> Your goal
After finding the line that includes "fix Dom and" in the records below, transcribe it and each line after it through the last, exactly, and add nothing.

> Supplied material

lemma marg_restrict_nonzero:
  assumes pos: "\<forall>p q :: 'k::comm_monoid_add. p + q = 0 \<longrightarrow> p = 0 \<and> q = 0"
    and "finite (support W)" "W w \<noteq> (0::'k)"
  shows "marg W Y (w |` Y) \<noteq> 0"
proof
  have "finite {r \<in> support W. r |` Y = w |` Y}" using assms(2) by simp
  moreover assume "marg W Y (w |` Y) = 0"
  then have "sum W {r \<in> support W. r |` Y = w |` Y} = 0" unfolding marg_def .
  moreover have "w \<in> {r \<in> support W. r |` Y = w |` Y}" using assms(3) by (simp add: support_def)
  ultimately have "W w = 0" by (rule positive_sum_eq_0D[OF pos])
  with assms(3) show False by simp
qed

section \<open>Leaves of finite trees\<close>

lemma non_backtracking_walk_closes_cycle:
  assumes "finite V" "range f \<subseteq> V" "sym E"
    and walk: "\<And>n. (f n, f (Suc n)) \<in> E" and turn: "\<And>n. f (Suc (Suc n)) \<noteq> f n"
  shows "\<exists>u v. (u, v) \<in> E \<and> (u, v) \<in> (E - {(u, v), (v, u)})\<^sup>*"
proof -
  have "\<not> inj f"
    using assms(1,2) finite_imageD[of f UNIV] finite_subset infinite_UNIV_nat by blast
  then obtain i j where "i \<noteq> j" "f i = f j" unfolding inj_def by blast
  then have "\<exists>j. \<exists>i<j. f i = f j" by (metis nat_neq_iff)
  from exists_least_iff[THEN iffD1, OF this] obtain j0
    where "\<exists>i<j0. f i = f j0" and least: "\<forall>j<j0. \<not> (\<exists>i<j. f i = f j)"
    by blast
  then obtain i0 where i0: "i0 < j0" "f i0 = f j0" by blast
  have no_repeat: "f x \<noteq> f y" if "x < y" "y < j0" for x y
    using least that by blast
  txt \<open>The first repetition \<open>f i0 = f j0\<close> closes a cycle: the walk from \<open>f (Suc i0)\<close> to
    \<open>f j0\<close> avoids the edge \<open>{f i0, f (Suc i0)}\<close>, which is therefore not a bridge.\<close>
  define D where "D = {(f i0, f (Suc i0)), (f (Suc i0), f i0)}"
  have edge: "(f k, f (Suc k)) \<in> E - D" if "Suc i0 \<le> k" "k < j0" for k
  proof -
    have "(f k, f (Suc k)) \<noteq> (f i0, f (Suc i0))"
      using no_repeat[of i0 k] that by auto
    moreover have "(f k, f (Suc k)) \<noteq> (f (Suc i0), f i0)"
    proof
      assume reversed: "(f k, f (Suc k)) = (f (Suc i0), f i0)"
      show False
      proof (cases "Suc k = j0")
        case True
        then show False
          using reversed turn[of i0] no_repeat[of "Suc i0" k] that i0(2) by (cases "k = Suc i0") auto
      next
        case False
        then show False using reversed no_repeat[of i0 "Suc k"] that by auto
      qed
    qed
    ultimately show ?thesis using walk unfolding D_def by blast
  qed
  have "(f (Suc i0), f k) \<in> (E - D)\<^sup>*" if "Suc i0 \<le> k" "k \<le> j0" for k
    using that
  proof (induction k)
    case (Suc k)
    then show ?case
      by (cases "k = i0") (auto intro: rtrancl_into_rtrancl[OF _ edge])
  qed simp
  then have "(f (Suc i0), f i0) \<in> (E - D)\<^sup>*" using i0 by simp
  moreover have "sym ((E - D)\<^sup>*)"
    using \<open>sym E\<close> by (intro sym_rtrancl) (auto simp: sym_def D_def)
  ultimately have "(f i0, f (Suc i0)) \<in> (E - D)\<^sup>*" by (meson symD)
  then show ?thesis using walk unfolding D_def by blast
qed

lemma tree_has_leaf:
  assumes "finite V" "is_tree V E" "a \<in> V" "b \<in> V" "a \<noteq> b"
  shows "\<exists>l p. (l, p) \<in> E \<and> (\<forall>q. (l, q) \<in> E \<longrightarrow> q = p)"
proof (rule ccontr)
  assume no_leaf: "\<not> ?thesis"
  have sub: "E \<subseteq> V \<times> V" and "sym E" and conn: "connected_on V E"
    and bridges: "\<forall>u v. (u, v) \<in> E \<longrightarrow> (u, v) \<notin> (E - {(u, v), (v, u)})\<^sup>*"
    using assms(2) unfolding is_tree_def by auto
  have turn: "\<exists>z. (y, z) \<in> E \<and> z \<noteq> x" if "(x, y) \<in> E" for x y
    using no_leaf symD[OF \<open>sym E\<close> that] by blast
  have "(a, b) \<in> (E \<inter> V \<times> V)\<^sup>*" using conn assms(3,4) unfolding connected_on_def by blast
  then obtain c where "(a, c) \<in> E" using assms(5) by (metis IntD1 converse_rtranclE)
  then obtain g where g: "\<And>n. g n \<in> E \<and> fst (g (Suc n)) = snd (g n) \<and> snd (g (Suc n)) \<noteq> fst (g n)"
    using dependent_nat_choice[of "\<lambda>_ e. e \<in> E" "\<lambda>_ e e'. fst e' = snd e \<and> snd e' \<noteq> fst e"] turn
    by fastforce
  have "(fst (g n), fst (g (Suc n))) \<in> E" for n using g[of n] by (metis prod.collapse)
  moreover have "fst (g (Suc (Suc n))) \<noteq> fst (g n)" for n using g[of n] g[of "Suc n"] by metis
  moreover have "range (fst \<circ> g) \<subseteq> V"
  proof -
    have "g n \<in> V \<times> V" for n using g[of n] sub by blast
    then show ?thesis by (simp add: image_subset_iff mem_Times_iff)
  qed
  ultimately show False
    using non_backtracking_walk_closes_cycle[of V "fst \<circ> g" E] assms(1) \<open>sym E\<close> bridges by auto
qed

lemma connected_on_restrict:
  "S \<subseteq> T \<Longrightarrow> connected_on S (E \<inter> T \<times> T) \<longleftrightarrow> connected_on S E"
  unfolding connected_on_def by (simp add: Int_assoc Times_Int_Times Int_absorb1 Int_absorb2)

lemma connected_on_remove_leaf:
  assumes "sym E" "\<forall>v. (v, v) \<notin> E" and leaf: "\<forall>q. (l, q) \<in> E \<longrightarrow> q = p"
    and conn: "connected_on S E"
  shows "connected_on (S - {l}) E"
proof -
  let ?S' = "S - {l}"
  have "(x \<noteq> l \<longrightarrow> (u, x) \<in> (E \<inter> ?S' \<times> ?S')\<^sup>*) \<and> (x = l \<longrightarrow> (u, p) \<in> (E \<inter> ?S' \<times> ?S')\<^sup>*)"
    if "(u, x) \<in> (E \<inter> S \<times> S)\<^sup>*" "u \<noteq> l" for u x
    using that
  proof (induction rule: rtrancl_induct)
    case (step w x)
    show ?case
    proof (cases "w = l")
      case True
      then show ?thesis using step assms(2) leaf by blast
    next
      case False
      have "x = l \<Longrightarrow> w = p" using step(2) leaf symD[OF assms(1)] by blast
      then show ?thesis using step False by (auto intro: rtrancl_into_rtrancl)
    qed
  qed simp
  then show ?thesis using conn unfolding connected_on_def by blast
qed

lemma is_tree_remove_leaf:
  assumes "is_tree V E" "(l, p) \<in> E" "\<forall>q. (l, q) \<in> E \<longrightarrow> q = p"
  shows "is_tree (V - {l}) (E \<inter> (V - {l}) \<times> (V - {l}))" (is "is_tree ?V ?E")
proof -
  have sub: "E \<subseteq> V \<times> V" and "sym E" and irrefl: "\<forall>v. (v, v) \<notin> E"
    and conn: "connected_on V E"
    and bridges: "\<forall>u v. (u, v) \<in> E \<longrightarrow> (u, v) \<notin> (E - {(u, v), (v, u)})\<^sup>*"
    using assms(1) unfolding is_tree_def by auto
  have "p \<in> ?V" using assms(2) sub irrefl by blast
  moreover have "connected_on ?V ?E"
    using connected_on_remove_leaf[OF \<open>sym E\<close> irrefl assms(3) conn] connected_on_restrict[of ?V ?V E]
    by simp
  moreover have "(u, v) \<notin> (?E - {(u, v), (v, u)})\<^sup>*" if "(u, v) \<in> ?E" for u v
    using bridges that rtrancl_mono[of "?E - {(u, v), (v, u)}" "E - {(u, v), (v, u)}"] by blast
  ultimately show ?thesis
    using \<open>sym E\<close> irrefl unfolding is_tree_def sym_def by blast
qed

lemma join_tree_leaf_separator:
  assumes "\<forall>v. connected_on {i \<in> V. v \<in> X i} E" "l \<in> V" "\<forall>q. (l, q) \<in> E \<longrightarrow> q = p"
  shows "(\<Union>i \<in> V - {l}. X i) \<inter> X l \<subseteq> X p"
proof
  fix v assume "v \<in> (\<Union>i \<in> V - {l}. X i) \<inter> X l"
  then obtain i where i: "i \<in> V" "i \<noteq> l" "v \<in> X i" "v \<in> X l" by blast
  let ?S = "{j \<in> V. v \<in> X j}"
  have "(l, i) \<in> (E \<inter> ?S \<times> ?S)\<^sup>*" using assms(1,2) i unfolding connected_on_def by blast
  then obtain w where "(l, w) \<in> E \<inter> ?S \<times> ?S" using i(2) by (metis converse_rtranclE)
  then show "v \<in> X p" using assms(3) by blast
qed

section \<open>Gluing along a join tree\<close>

lemma extend_by_inner_consistency:
  assumes ICP: "inner_consistency_property TYPE('k::comm_monoid_add)"
    and U: "finite U" "is_krel Dom U (W' :: 'k krelation)" and Y: "finite Y" "is_krel Dom Y S"
    and "X \<subseteq> U" "marg W' X = R" "consistent Dom R X S Y" "U \<inter> Y \<subseteq> X"
  shows "\<exists>W. is_krel Dom (U \<union> Y) W \<and> marg W U = W' \<and> marg W Y = S"
proof -
  have "marg W' (U \<inter> Y) = marg (marg W' X) (U \<inter> Y)"
    using marg_marg_subset[OF finite_support_krel[OF U(2)]] assms(9) by simp
  also have "\<dots> = marg S (U \<inter> Y)"
    using consistent_marg_eq[OF assms(8)] assms(7,9) by blast
  finally have "inner_consistent W' U S Y" unfolding inner_consistent_def .
  with ICP U Y have "consistent Dom W' U S Y" unfolding inner_consistency_property_def by blast
  then show ?thesis unfolding consistent_def .
qed

lemma join_tree_remove_leaf:
  assumes "is_tree V E" "\<forall>v. connected_on {i \<in> V. v \<in> X i} E"
    and "(l, p) \<in> E" "\<forall>q. (l, q) \<in> E \<longrightarrow> q = p"
  shows "is_tree (V - {l}) (E \<inter> (V - {l}) \<times> (V - {l}))"
    and "\<forall>v. connected_on {i \<in> V - {l}. v \<in> X i} (E \<inter> (V - {l}) \<times> (V - {l}))"
proof -
  show "is_tree (V - {l}) (E \<inter> (V - {l}) \<times> (V - {l}))"
    using assms(1,3,4) by (rule is_tree_remove_leaf)
  have "sym E" "\<forall>v. (v, v) \<notin> E" using assms(1) unfolding is_tree_def by auto
  show "\<forall>v. connected_on {i \<in> V - {l}. v \<in> X i} (E \<inter> (V - {l}) \<times> (V - {l}))"
  proof
    fix v
    have "connected_on ({i \<in> V. v \<in> X i} - {l}) E"
      using connected_on_remove_leaf[OF \<open>sym E\<close> \<open>\<forall>v. (v, v) \<notin> E\<close> assms(4)] assms(2) by blast
    moreover have "{i \<in> V. v \<in> X i} - {l} = {i \<in> V - {l}. v \<in> X i}" by blast
    ultimately show "connected_on {i \<in> V - {l}. v \<in> X i} (E \<inter> (V - {l}) \<times> (V - {l}))"
      using connected_on_restrict[of _ "V - {l}" E] by auto
  qed
qed

lemma join_tree_local_to_global:
  assumes ICP: "inner_consistency_property TYPE('k::comm_monoid_add)"
    and "finite V" "is_tree V E" "\<forall>v. connected_on {i \<in> V. v \<in> X i} E"
    and "\<forall>i\<in>V. finite (X i) \<and> is_krel Dom (X i) ((R :: nat \<Rightarrow> 'k krelation) i)"
    and "\<forall>i\<in>V. \<forall>j\<in>V. consistent Dom (R i) (X i) (R j) (X j)"
  shows "\<exists>W. is_krel Dom (\<Union>i\<in>V. X i) W \<and> (\<forall>i\<in>V. marg W (X i) = R i)"
  using assms(2-)
proof (induction "card V" arbitrary: V E rule: less_induct)
  case less
  note fin = less.prems(1) and tree = less.prems(2) and run = less.prems(3)
    and rels = less.prems(4) and cons = less.prems(5)
  obtain a where "a \<in> V" using tree unfolding is_tree_def by blast
  show ?case
  proof (cases "V = {a}")
    case True
    then show ?thesis using rels marg_self by auto
  next
    case False
    then obtain b where "b \<in> V" "a \<noteq> b" using \<open>a \<in> V\<close> by blast
    then obtain l p where leaf: "(l, p) \<in> E" "\<forall>q. (l, q) \<in> E \<longrightarrow> q = p"
      using tree_has_leaf[OF fin tree \<open>a \<in> V\<close>] by blast
    have "l \<in> V" "p \<in> V" "p \<noteq> l" using leaf(1) tree unfolding is_tree_def by auto
    define V' where "V' = V - {l}"
    define U' where "U' = (\<Union>i\<in>V'. X i)"
    obtain W' where W': "is_krel Dom U' W'" "\<forall>i\<in>V'. marg W' (X i) = R i"
      using less.hyps[of V' "E \<inter> V' \<times> V'"] card_Diff1_less[OF fin \<open>l \<in> V\<close>]
        join_tree_remove_leaf[OF tree run leaf] fin rels cons
      unfolding U'_def V'_def by auto
    have "finite U'" unfolding U'_def V'_def using fin rels by blast
    moreover have "U' \<inter> X l \<subseteq> X p"
      unfolding U'_def V'_def by (rule join_tree_leaf_separator[OF run \<open>l \<in> V\<close> leaf(2)])
    moreover have "X p \<subseteq> U'" "p \<in> V'" unfolding U'_def V'_def using \<open>p \<in> V\<close> \<open>p \<noteq> l\<close> by auto
    ultimately obtain W where W: "is_krel Dom (U' \<union> X l) W" "marg W U' = W'" "marg W (X l) = R l"
      using extend_by_inner_consistency[OF ICP _ W'(1), of "X l" "R l" "X p" "R p"]
        W'(2) rels cons \<open>l \<in> V\<close> \<open>p \<in> V\<close> by blast
    have "(\<Union>i\<in>V. X i) = U' \<union> X l" unfolding U'_def V'_def using \<open>l \<in> V\<close> by blast
    moreover have "marg W (X i) = R i" if "i \<in> V" for i
    proof (cases "i = l")
      case False
      then have "i \<in> V'" "X i \<subseteq> U'" using that unfolding U'_def V'_def by auto
      then show ?thesis
        using marg_marg_subset[OF finite_support_krel[OF W(1)]] W(2) W'(2) by metis
    qed (use W(3) in simp)
    ultimately show ?thesis using W(1) by auto
  qed
qed

lemma acyclic_local_to_global:
  assumes "inner_consistency_property TYPE('k::comm_monoid_add)"
    and "hypergraph m X" "acyclic_hypergraph m X"
  shows "local_to_global TYPE('k) m X"
  unfolding local_to_global_def
proof (intro allI impI)
  fix Dom and R :: "nat \<Rightarrow> 'k krelation"
  assume "(\<forall>i<m. is_krel Dom (X i) (R i)) \<and> (\<forall>i<m. \<forall>j<m. consistent Dom (R i) (X i) (R j) (X j))"
  moreover obtain E where "is_tree {..<m} E" "\<forall>v. connected_on {i \<in> {..<m}. v \<in> X i} E"
    using assms(3) unfolding acyclic_hypergraph_def join_tree_def by auto
  ultimately show "\<exists>W. is_krel Dom (\<Union>i<m. X i) W \<and> (\<forall>i<m. marg W (X i) = R i)"
    using join_tree_local_to_global[OF assms(1), of "{..<m}" E X Dom R] assms(2)
    unfolding hypergraph_def by auto
qed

> Task solution
  fix Dom and R :: "nat \<Rightarrow> 'k krelation"
  assume "(\<forall>i<m. is_krel Dom (X i) (R i)) \<and> (\<forall>i<m. \<forall>j<m. consistent Dom (R i) (X i) (R j) (X j))"
  moreover obtain E where "is_tree {..<m} E" "\<forall>v. connected_on {i \<in> {..<m}. v \<in> X i} E"
    using assms(3) unfolding acyclic_hypergraph_def join_tree_def by auto
  ultimately show "\<exists>W. is_krel Dom (\<Union>i<m. X i) W \<and> (\<forall>i<m. marg W (X i) = R i)"
    using join_tree_local_to_global[OF assms(1), of "{..<m}" E X Dom R] assms(2)
    unfolding hypergraph_def by auto
qed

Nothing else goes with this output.